● Data provided

------------------------------------------------

(* There is a universal constant $C$ such that the following holds. Let $G=(V,E,m,w)$ be a weighted graph with an intrinsic metric $\rho$ such that all balls $B_R(x)$ are finite and the jump size $s=\sup_{x\sim y}\rho(x,y)$ is finite, and fix $x_0\in V$. For any ancient solution $u$ of $D_t u=\Delta u$ on $V\times\mathbb{Z}_-$ and any $R\in\mathbb{N}$ with $R\ge s$, $$R^2\sum_{\widetilde{Q}_R}\Gamma(u)+R^4\sum_{\widetilde{Q}_R}(D_t u)^2\le C\sum_{\widetilde{Q}_{9R}}u^2.$$
   Context: A weighted graph $G=(V,E,m,w)$ consists of a locally finite, simple, undirected, connected graph $(V,E)$, a symmetric edge weight $w:E\to(0,\infty)$ (extended by $w_{xy}=0$ if $x\not\sim y$), and a vertex weight $m:V\to(0,\infty)$. The Laplacian is $\Delta f(x)=\sum_{y\sim x}\frac{w_{xy}}{m_x}(f(y)-f(x))$. A (pseudo)metric $\rho$ on $V$ is intrinsic if $\sum_{y\sim x}w_{xy}\rho^2(x,y)\le m_x$ for all $x$; $B_R(x)=\{y:\rho(y,x)\le R\}$, $B_R:=B_R(x_0)$. $\mathbb{Z}_-=\mathbb{Z}\cap(-\infty,0]$; $D_t u(x,t)=u(x,t)-u(x,t-1)$; an ancient solution is $u:V\times\mathbb{Z}_-\to\mathbb{R}$ with $D_tu=\Delta u$ for all $(x,t)$. $\Gamma(f)(x)=\frac12\sum_{y}\frac{w_{xy}}{m_x}(f(y)-f(x))^2$, applied to $u(\cdot,t)$. $\widetilde{Q}_R=B_R\times([-R^2,0]\cap\mathbb{Z})$ and $\sum_{\widetilde{Q}_R}F:=\sum_{t=-R^2}^0\sum_{x\in B_R}F(x,t)m_x$. *)

theory Defs
  imports Complex_Main
begin
(* The price of anarchy (supremum over all weights $w_1,w_2\ge0$ with $w_1+w_2>0$ and all instances, with respect to subgame-perfect equilibria) for sequential two-player weighted congestion games with affine costs and proportional cost functions is equal to $1.5$; for fixed weights, the price of anarchy equals $1.5$ if and only if $w_1=w_2$.
   Context: A weighted two-player congestion game with affine costs consists of a finite set $R$ of resources, coefficients $\alpha_r,\beta_r \geq 0$ for each $r\in R$, two players $i=1,2$ with weights $w_i\ge 0$, and for each player $i$ a nonempty finite set $\mathcal{A}_i \subseteq 2^R$ of actions. For an action profile $A=(A_1,A_2)$ the load of $r$ is $x_r(A)=\sum_{j:\, r\in A_j} w_j$. With proportional costs, player $i$ pays $C_i(A)=w_i\sum_{r\in A_i}(\alpha_r+\beta_r x_r(A))$. The social cost is $C(A)=C_1(A)+C_2(A)$. In the sequential game, player 1 chooses $A_1$ first, then player 2, knowing $A_1$, chooses $A_2$. A subgame-perfect equilibrium consists of a function $A_1\mapsto A_2^*(A_1)$ with $C_2(A_1,A_2^*(A_1))\le C_2(A_1,A_2)$ for all $A_1,A_2$, and an action $A_1^*$ with $C_1(A_1^*,A_2^*(A_1^* ))\le C_1(A_1,A_2^*(A_1))$ for all $A_1$; its outcome is $(A_1^*,A_2^*(A_1^* ))$. The price of anarchy of an instance is the maximum over subgame-perfect equilibrium outcomes $A$ of $C(A)/\min_{A'}C(A')$; the price of anarchy of a class (for fixed or arbitrary weights) is the supremum over all instances (with positive optimal social cost). *)

theory Defs
  imports "HOL-Analysis.Analysis" "HOL-Library.Extended_Real"
begin

text \<open>Resources are natural numbers drawn from a finite set R; actions are subsets of R.
  An instance is (R, alpha, beta, X1, X2) where Xi is the action set of player i.\<close>

definition load :: "real \<Rightarrow> real \<Rightarrow> nat set \<Rightarrow> nat set \<Rightarrow> nat \<Rightarrow> real" where
  "load w1 w2 A1 A2 r = (if r \<in> A1 then w1 else 0) + (if r \<in> A2 then w2 else 0)"
(* Let $V$ be a commutative $\mathbb C$-algebra of functions of $x$ closed under $\partial_x$, $\mathbf t=(t_0=x,t_1,\dots)$, $u(\mathbf t)\in V[[t_1,t_2,\dots]]$ a solution of the KdV hierarchy, and $(\psi,\psi^* )$ a pair of wave functions of $u$. Let $$\Psi(z,\mathbf t)=\begin{pmatrix}\psi(z,\mathbf t)&\psi^*(z,\mathbf t)\\-\partial_x\psi(z,\mathbf t)&-\partial_x\psi^*(z,\mathbf t)\end{pmatrix}.$$ Then $\det\Psi(z,\mathbf t)=2z$, $b(z^2,\mathbf t)=\psi(z,\mathbf t)\psi^*(z,\mathbf t)$, and $$R(z^2,\mathbf t)=-\Psi(z,\mathbf t)\begin{pmatrix}z&0\\0&-z\end{pmatrix}\Psi(z,\mathbf t)^{-1},$$ where all products are formed with the exponential factors cancelling.
   Context: KdV hierarchy: $L=\partial_x^2+2u$, $A_k=\frac1{(2k+1)!!}(L^{(2k+1)/2})_+$; $\partial L/\partial t_k=[A_k,L]$ for all $k$. $b(\lambda,\mathbf t)=\sum_{k\ge-1}b_k(\mathbf t)\lambda^{-k-1}$, $b_{-1}=1$, is the unique such series with coefficients in $V[[t_{>0}]]$ satisfying $bb_{xx}-\frac12b_x^2-2(\lambda-2u)b^2=-2\lambda$, and the basic matrix resolvent of $u$ is $R(\lambda,\mathbf t)=\begin{pmatrix}\frac12b_x&b\\(\lambda-2u)b-\frac12b_{xx}&-\frac12b_x\end{pmatrix}$. Wave functions: fix $\widetilde V$ with $V\subseteq\partial_x\widetilde V\subseteq\widetilde V$, $\xi=\sum_kt_kz^{2k+1}/(2k+1)!!$. A wave function is $\psi=(1+\sum_{m\ge1}\phi_m(\mathbf t)z^{-m})e^{\xi}$, $\phi_m\in\widetilde V[[t_{>0}]]$, with $L\psi=z^2\psi$, $\partial_{t_k}\psi=A_k\psi$; its dual is the unique $\psi^*=(1+\sum_{m\ge1}\phi^*_m(\mathbf t)z^{-m})e^{-\xi}$ with $L\psi^*=z^2\psi^*$, $\partial_{t_k}\psi^*=A_k\psi^*$, and with $\partial_x^i(\psi)\psi^*$ (exponentials cancelling) having zero $z^{-1}$-coefficient for every $i\ge0$; $(\psi,\psi^* )$ is then a pair of wave functions. *)

theory Defs
  imports "HOL-Analysis.Analysis" "HOL-Computational_Algebra.Formal_Laurent_Series"
          "HOL-Library.Poly_Mapping"
begin

text \<open>A multi-index alpha :: nat =>0 nat gives the exponent of t_(k+1) at key k.
  Elements of V~[[t_1,t_2,...]] are represented as functions (nat =>0 nat) => 'v.\<close>

definition ps_mult :: "((nat \<Rightarrow>\<^sub>0 nat) \<Rightarrow> 'v::comm_ring_1) \<Rightarrow> ((nat \<Rightarrow>\<^sub>0 nat) \<Rightarrow> 'v)
                        \<Rightarrow> (nat \<Rightarrow>\<^sub>0 nat) \<Rightarrow> 'v" where
  "ps_mult f g \<alpha> = (\<Sum>p \<in> {p. fst p + snd p = \<alpha>}. f (fst p) * g (snd p))"

definition ps_const :: "'v::zero \<Rightarrow> (nat \<Rightarrow>\<^sub>0 nat) \<Rightarrow> 'v" where
  "ps_const a \<alpha> = (if \<alpha> = 0 then a else 0)"

text \<open>partial derivative with respect to t_(k+1)\<close>
definition ps_dt :: "nat \<Rightarrow> ((nat \<Rightarrow>\<^sub>0 nat) \<Rightarrow> 'v::comm_ring_1) \<Rightarrow> (nat \<Rightarrow>\<^sub>0 nat) \<Rightarrow> 'v" where
  "ps_dt k f \<alpha> = of_nat (Poly_Mapping.lookup \<alpha> k + 1) * f (\<alpha> + Poly_Mapping.single k 1)"

definition ps_dx :: "('v \<Rightarrow> 'v) \<Rightarrow> ((nat \<Rightarrow>\<^sub>0 nat) \<Rightarrow> 'v) \<Rightarrow> (nat \<Rightarrow>\<^sub>0 nat) \<Rightarrow> 'v" where
  "ps_dx d f \<alpha> = d (f \<alpha>)"

text \<open>Laurent series with finitely many positive powers of z (resp. lambda) are represented
  as fls in the variable X = z^(-1) (resp. lambda^(-1)); z itself is fls_X_inv.\<close>

definition fls_dmap :: "('r::zero \<Rightarrow> 'r) \<Rightarrow> 'r fls \<Rightarrow> 'r fls" where
  "fls_dmap d f = Abs_fls (\<lambda>n. d (fls_nth f n))"

text \<open>substitution lambda := z^2, i.e. X := X^2\<close>
definition fls_subst_sq :: "'r::zero fls \<Rightarrow> 'r fls" where
  "fls_subst_sq f = Abs_fls (\<lambda>n. if even n then fls_nth f (n div 2) else 0)"

text \<open>A pseudo-differential operator sum_(i<=N) a_i d^i is represented as an fls in the
  variable d^(-1): the coefficient of d^i is fls_nth P (-i).\<close>

definition pd_coeff :: "'r::zero fls \<Rightarrow> int \<Rightarrow> 'r" where
  "pd_coeff P i = fls_nth P (- i)"

definition pd_of :: "(int \<Rightarrow> 'r::zero) \<Rightarrow> 'r fls" where
  "pd_of f = Abs_fls (\<lambda>n. f (- n))"

definition pd_top :: "'r::zero fls \<Rightarrow> int" where
  "pd_top P = - fls_subdegree P"

definition ibinom :: "int \<Rightarrow> nat \<Rightarrow> int" where
  "ibinom i l = (\<Prod>s<l. i - int s) div int (fact l)"

text \<open>composition: (a d^i)(b d^j) = sum_(l>=0) binom(i,l) a b^(l) d^(i+j-l)\<close>
definition pd_mult :: "('r::comm_ring_1 \<Rightarrow> 'r) \<Rightarrow> 'r fls \<Rightarrow> 'r fls \<Rightarrow> 'r fls" where
  "pd_mult d P Q = pd_of (\<lambda>m.
     \<Sum>i \<in> {m - pd_top Q .. pd_top P}. \<Sum>l \<in> {0 .. nat (pd_top P + pd_top Q - m)}.
        of_int (ibinom i l) * pd_coeff P i * (d ^^ l) (pd_coeff Q (m - i + int l)))"

definition pd_one :: "'r::{zero,one} fls" where
  "pd_one = pd_of (\<lambda>i. if i = 0 then 1 else 0)"

definition pd_pow :: "('r::comm_ring_1 \<Rightarrow> 'r) \<Rightarrow> 'r fls \<Rightarrow> nat \<Rightarrow> 'r fls" where
  "pd_pow d P n = (pd_mult d P ^^ n) pd_one"

definition pd_plus :: "'r::zero fls \<Rightarrow> 'r fls" where
  "pd_plus P = pd_of (\<lambda>i. if i \<ge> 0 then pd_coeff P i else 0)"

definition pd_smult :: "'r::comm_ring_1 \<Rightarrow> 'r fls \<Rightarrow> 'r fls" where
  "pd_smult c P = pd_of (\<lambda>i. c * pd_coeff P i)"

definition kdvL :: "'r::comm_ring_1 \<Rightarrow> 'r fls" where
  "kdvL u = pd_of (\<lambda>i. if i = 2 then 1 else if i = 0 then 2 * u else 0)"

definition kdv_sqrtL :: "('r::comm_ring_1 \<Rightarrow> 'r) \<Rightarrow> 'r \<Rightarrow> 'r fls" where
  "kdv_sqrtL d u = (THE Q. pd_coeff Q 1 = 1 \<and> (\<forall>i>1. pd_coeff Q i = 0) \<and> pd_mult d Q Q = kdvL u)"

definition dfact_odd :: "nat \<Rightarrow> nat" where
  "dfact_odd k = (\<Prod>i\<in>{0..k}. 2 * i + 1)"

text \<open>A_k = (L^((2k+1)/2))_+ / (2k+1)!!; kappa embeds the complex scalars\<close>
definition kdvA :: "('r::comm_ring_1 \<Rightarrow> 'r) \<Rightarrow> (complex \<Rightarrow> 'r) \<Rightarrow> 'r \<Rightarrow> nat \<Rightarrow> 'r fls" where
  "kdvA d \<kappa> u k = pd_smult (\<kappa> (1 / of_nat (dfact_odd k)))
                      (pd_plus (pd_pow d (kdv_sqrtL d u) (2 * k + 1)))"

text \<open>u solves the KdV hierarchy: dL/dt_k = [A_k, L] for all k (D 0 = d/dx, D k = d/dt_k)\<close>
definition kdv_solution :: "(nat \<Rightarrow> 'r::comm_ring_1 \<Rightarrow> 'r) \<Rightarrow> (complex \<Rightarrow> 'r) \<Rightarrow> 'r \<Rightarrow> bool" where
  "kdv_solution D \<kappa> u \<longleftrightarrow> (\<forall>k. fls_dmap (D k) (kdvL u) =
      pd_mult (D 0) (kdvA (D 0) \<kappa> u k) (kdvL u) - pd_mult (D 0) (kdvL u) (kdvA (D 0) \<kappa> u k))"

text \<open>The series b(lambda) = sum_(k>=-1) b_k lambda^(-k-1), as fls in lambda^(-1)
  (fls_nth b n = b_(n-1)), with coefficients in the set S (= V[[t_>0]]).\<close>
definition kdv_b :: "('r::comm_ring_1 \<Rightarrow> 'r) \<Rightarrow> (complex \<Rightarrow> 'r) \<Rightarrow> 'r set \<Rightarrow> 'r \<Rightarrow> 'r fls" where
  "kdv_b d \<kappa> S u = (THE b. (\<forall>n. fls_nth b n \<in> S) \<and> (\<forall>n<0. fls_nth b n = 0) \<and> fls_nth b 0 = 1 \<and>
      b * fls_dmap d (fls_dmap d b) - fls_const (\<kappa> (1/2)) * (fls_dmap d b)^2
        - 2 * (fls_X_inv - 2 * fls_const u) * b^2 = - 2 * fls_X_inv)"

definition mat2 :: "'a \<Rightarrow> 'a \<Rightarrow> 'a \<Rightarrow> 'a \<Rightarrow> 'a^2^2" where
  "mat2 a b c e = (\<chi> i j. if i = 1 then (if j = 1 then a else b) else (if j = 1 then c else e))"

definition kdv_R :: "('r::comm_ring_1 \<Rightarrow> 'r) \<Rightarrow> (complex \<Rightarrow> 'r) \<Rightarrow> 'r set \<Rightarrow> 'r \<Rightarrow> 'r fls^2^2" where
  "kdv_R d \<kappa> S u = (let b = kdv_b d \<kappa> S u; h = fls_const (\<kappa> (1/2)) in
     mat2 (h * fls_dmap d b) b
          ((fls_X_inv - 2 * fls_const u) * b - h * fls_dmap d (fls_dmap d b)) (- h * fls_dmap d b))"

------------------------------------------------

● Assigned task
Reply with one number only, the count of lines above that hold the string "kdvA".

● Answer to this exercise
3